I think the problem is Token has lifetime 'tok, and the borrow checker doesn't know the relation between 'tok and 'lexer so it can't inference proper lifetime.

However, I can avoid the problem by modifying it into the updated code:

pub struct Parser<'lexer> {
    pub curr: Token<'lexer>,
    pub prev: Token<'lexer>,
    scanner: &'lexer mut Scanner,
}

impl <'lexer> Parser<'lexer> {
    pub fn advance(&mut self) {
        let prev = std::mem::replace(&mut self.curr, self.scanner.next());
        self.prev = prev;
    }
}

And with Token produced by next() is static:

impl Scanner {
    pub fn next(&mut self) -> Token<'static> {
        Token {
            value: Cow::from(""),
            line: 0,
        }
    }
}

It does compile but I think it's not ideal because all tokens are cloned from scanner into parser(they are not references anymore) and living until end of Parser's life. So memory usage is doubled. Is there a more proper way to deal with this?

Answer 1

Actualy your code structure is not ideal to deal with the borrow checker here why:

• Token struct should be owned, the struct itself do not require any allocations (as the token is owned some indrection are required to allow prev <-> next switching)
• None of the Parser or Lexer should own the base data so it will be easy to bound proper lifetime
• In our case Vec<Char> is not a friendly type to work with (we do not need to own the data and this will be harder to make the comipler understand lifetimes), instead we're going to use an &'str but you could reproduce the exact behaviours with an &[char])

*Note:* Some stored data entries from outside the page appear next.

(* Let $r=3$ and $Q=\lfloor k^5/(2^{13}\cdot 10^{39})\rfloor$. For all sufficiently large $k$, in the random $3$-coloring of $[1,Q]$ described in the context, the probability that there exists a monochromatic ascending wave of length $\lfloor k/4\rfloor$ whose first difference is greater than $6b$ and whose last difference is smaller than $\frac{kb}{4\cdot 10^{14}}$ is less than $\frac12$.
   Context: Ascending wave: positive integers $w_1<\dots<w_n$ with $w_{i+1}-w_i\ge w_i-w_{i-1}$ for $2\le i\le n-1$; $AW(k;r)$ is the least $N$ such that every $r$-coloring of $\{1,\dots,N\}$ has a monochromatic $k$-term ascending wave. Let $r=3$, $K=\lfloor k/80\rfloor$ and $b=AW(K;2)-1$. For each $i\in\{0,1,2\}$ fix a coloring $\gamma_i$ of $\{1,\dots,b\}$ with the two colors $\{0,1,2\}\setminus\{i\}$ having no monochromatic $K$-term ascending wave. Let $A$ be the $9\times 6$ matrix with rows indexed by pairs $(j,i)$, $j\in\{0,1,2\}$, $i\in\{1,2,3\}$, whose row $(j,i)$ has entry $(m+j)\bmod 3$ in position $2m+1$ and entry $(i+m-1+j)\bmod 3$ in position $2m+2$, for $m=0,1,2$. Partition $[1,Q]$ into consecutive blocks of $b$ integers each (the last possibly partial), grouped into consecutive groups of $6$ blocks. For each group independently choose a row $(s_1,\dots,s_6)$ of $A$ uniformly at random and color the $l$-th block of the group by $\gamma_{s_l}$ (translated to that block). *)

theory Defs
  imports "HOL-Probability.Probability"
begin

definition ascending_wave :: "nat \<Rightarrow> (nat \<Rightarrow> nat) \<Rightarrow> bool" where
  "ascending_wave n w \<longleftrightarrow>
     (\<forall>i<n. 0 < w i) \<and>
     (\<forall>i. i + 1 < n \<longrightarrow> w i < w (i + 1)) \<and>
     (\<forall>i. i + 2 < n \<longrightarrow> w (i + 1) - w i \<le> w (i + 2) - w (i + 1))"

definition mono_wave :: "(nat \<Rightarrow> nat) \<Rightarrow> nat \<Rightarrow> nat \<Rightarrow> (nat \<Rightarrow> nat) \<Rightarrow> bool" where
  "mono_wave c N n w \<longleftrightarrow> ascending_wave n w \<and>
     (\<forall>i<n. w i \<in> {1..N}) \<and> (\<forall>i<n. c (w i) = c (w 0))"

definition AW :: "nat \<Rightarrow> nat \<Rightarrow> nat" where
  "AW k r = (LEAST N. \<forall>c. (\<forall>x\<in>{1..N}. c x < r) \<longrightarrow> (\<exists>w. mono_wave c N k w))"

text \<open>Entry of row (j,i) of the 9x6 matrix A at (0-based) position l, l < 6:
  position 2m+1 (l = 2m) has (m+j) mod 3, position 2m+2 (l = 2m+1) has (i+m-1+j) mod 3.\<close>
definition A_entry :: "nat \<Rightarrow> nat \<Rightarrow> nat \<Rightarrow> nat" where
  "A_entry j i l = (if even l then (l div 2 + j) mod 3 else (i + l div 2 - 1 + j) mod 3)"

Here is an example that compile just fine

pub struct Token<'source> {
    pub value: Cow<'source, str>,
    pub line: usize,
}

pub struct Scanner<'source> {
    pub source: &'source str,
    pub current: usize,
    pub line: usize,
}

pub struct Parser<'source> {
    pub curr: Option<Token<'source>>,
    pub prev: Option<Token<'source>>,
    scanner: Scanner<'source>,
}
impl <'source>Scanner<'source> {
    pub fn next(&'source /* DONT Forget to bound 'source to `self` */ self) -> Token<'source> {
        Token {
            value: Cow::from(self.source), /* `self.source` is bound to `'source` so the compiler understand that the token lifetime is the same than the source's one */
            line: 0,
        }
    }
}

impl <'lexer> Parser<'lexer> {
    pub fn advance(&'lexer mut self) {
        self.prev = self.curr.take();
        self.curr = Some(self.scanner.next());
    }
}